Computer Methods and Programs in Biomedicine ( IF 4.9 ) Pub Date : 2021-01-07 , DOI: 10.1016/j.cmpb.2020.105913 Lazaros Tsochatzidis , Panagiota Koutla , Lena Costaridou , Ioannis Pratikakis
Background and ObjectivesSegmentation of mammographic lesions has been proven to be a valuable source of information, as it can assist in both extracting shape-related features and providing accurate localization of the lesion.
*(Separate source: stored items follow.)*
lemma group_center_commute: "z \<in> group_center G \<Longrightarrow> y \<in> carrier G \<Longrightarrow> z \<otimes> y = y \<otimes> z"
  by (simp add: group_center_def)

lemma group_center_closed: "z \<in> group_center G \<Longrightarrow> z \<in> carrier G"
  by (simp add: group_center_def)

lemma group_center_mult:
  assumes "a \<in> group_center G" "b \<in> group_center G"
  shows "a \<otimes> b \<in> group_center G"
proof -
  have car: "a \<in> carrier G" "b \<in> carrier G"
    using assms group_center_closed by auto
  have "a \<otimes> b \<otimes> y = y \<otimes> (a \<otimes> b)" if y: "y \<in> carrier G" for y
  proof -
    have "a \<otimes> b \<otimes> y = a \<otimes> (y \<otimes> b)"
      using car y group_center_commute[OF assms(2) y] by (simp add: m_assoc)
    also have "\<dots> = y \<otimes> (a \<otimes> b)"
      using car y group_center_commute[OF assms(1) y] by (simp add: m_assoc[symmetric])
    finally show ?thesis .
  qed
  then show ?thesis
    using car by (simp add: group_center_def)
qed

lemma central_involution_mult:
  assumes "a \<in> group_center G" "b \<in> group_center G" "a \<otimes> a = \<one>" "b \<otimes> b = \<one>"
  shows "(a \<otimes> b) \<otimes> (a \<otimes> b) = \<one>"
proof -
  have car: "a \<in> carrier G" "b \<in> carrier G"
    using assms group_center_closed by auto
  have "(a \<otimes> b) \<otimes> (a \<otimes> b) = a \<otimes> (b \<otimes> a) \<otimes> b"
    using car by (simp add: m_assoc)
  also have "\<dots> = (a \<otimes> a) \<otimes> (b \<otimes> b)"
    using car group_center_commute[OF assms(2), of a] by (simp add: m_assoc)
  also have "\<dots> = \<one>"
    using assms(3,4) by simp
  finally show ?thesis .
qed

end

locale group_involution = group G for G :: "('g, 'b) monoid_scheme" (structure) +
  fixes star :: "'g \<Rightarrow> 'g"
  assumes star_closed [simp]: "x \<in> carrier G \<Longrightarrow> star x \<in> carrier G"
    and star_mult: "x \<in> carrier G \<Longrightarrow> y \<in> carrier G \<Longrightarrow> star (x \<otimes> y) = star y \<otimes> star x"
    and star_star [simp]: "x \<in> carrier G \<Longrightarrow> star (star x) = x"
begin

lemma star_one [simp]: "star \<one> = \<one>"
proof -
  have "star \<one> \<otimes> star \<one> = star \<one>"
    using star_mult[of \<one> \<one>] by simp
  then show ?thesis
    by simp
qed

lemma star_inv:
  assumes x: "x \<in> carrier G"
  shows "star (inv x) = inv (star x)"
proof -
  have "star (inv x) \<otimes> star x = \<one>"
    using star_mult[of x "inv x"] x by simp
  then have "inv (star x) = star (inv x)"
    by (rule inv_equality) (simp_all add: x)
  then show ?thesis ..
qed

lemma star_inv_eq_iff: "y \<in> carrier G \<Longrightarrow> star (inv y) = inv y \<longleftrightarrow> star y = y"
  by (metis star_inv inv_inv star_closed)

definition twist :: "'g \<Rightarrow> 'g" where
  "twist x = star x \<otimes> inv x"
In this work, a methodology is proposed for integrating mammographic mass segmentation information into a convolutional neural network (CNN), aiming to improve the diagnosis of breast cancer in mammograms. MethodsThe proposed methodology involves modification of each convolutional layer of a CNN, so that information of not only the input image but also the corresponding segmentation map is considered. Furthermore, a new loss function is introduced, which adds an extra term to the standard cross-entropy, aiming to steer the attention of the network to the mass region, penalizing strong feature activations based on their location. The segmentation maps are acquired either from the provided ground-truth or from an automatic segmentation stage. ResultsPerformance evaluation in diagnosis is conducted on two mammographic mass datasets, namely DDSM-400 and CBIS-DDSM, with differences in quality of the corresponding ground-truth segmentation maps. The proposed method achieves diagnosis performance of 0.898 and 0.862 in terms AUC when using ground-truth segmentation maps and a maximum of 0.880 and 0.860 when a U-Net-based automatic segmentation stage is employed, for DDSM-400 and CBIS-DDSM, respectively. ConclusionsThe experimental results demonstrate that integrating segmentation information into a CNN leads to improved performance in breast cancer diagnosis of mammographic masses.
中文翻译:
将分割信息整合到CNN中以进行乳房X线摄影肿块的乳腺癌诊断
背景与目的乳腺钼靶病变的分割已被证明是有价值的信息来源,因为它可以帮助提取与形状相关的特征并提供病变的准确定位。在这项工作中,提出了一种将乳腺X线摄影质量分割信息集成到卷积神经网络(CNN)中的方法,旨在改善乳腺X线照片中对乳腺癌的诊断。方法所提出的方法涉及对CNN的每个卷积层的修改,因此不仅要考虑输入图像的信息,还要考虑相应的分割图。此外,引入了新的损失函数,该函数为标准交叉熵增加了一个附加项,目的是将网络的注意力引向质量区域,从而根据其位置对强大的特征激活进行惩罚。从提供的地面真相或从自动分段阶段获取分段图。结果诊断的性能评估是在两个乳房X线摄影质量数据集DDSM-400和CBIS-DDSM上进行的,相应的地面真相分割图的质量有所不同。对于DDSM-400和CBIS-DDSM,所提出的方法在使用地面真实分割图时的诊断性能分别为AUC的0.898和0.862,在使用基于U-Net的自动分割阶段时的诊断性能分别为0.880和0.860。 。结论实验结果表明,将分割信息整合到CNN中可以提高乳腺X线摄影肿块的乳腺癌诊断性能。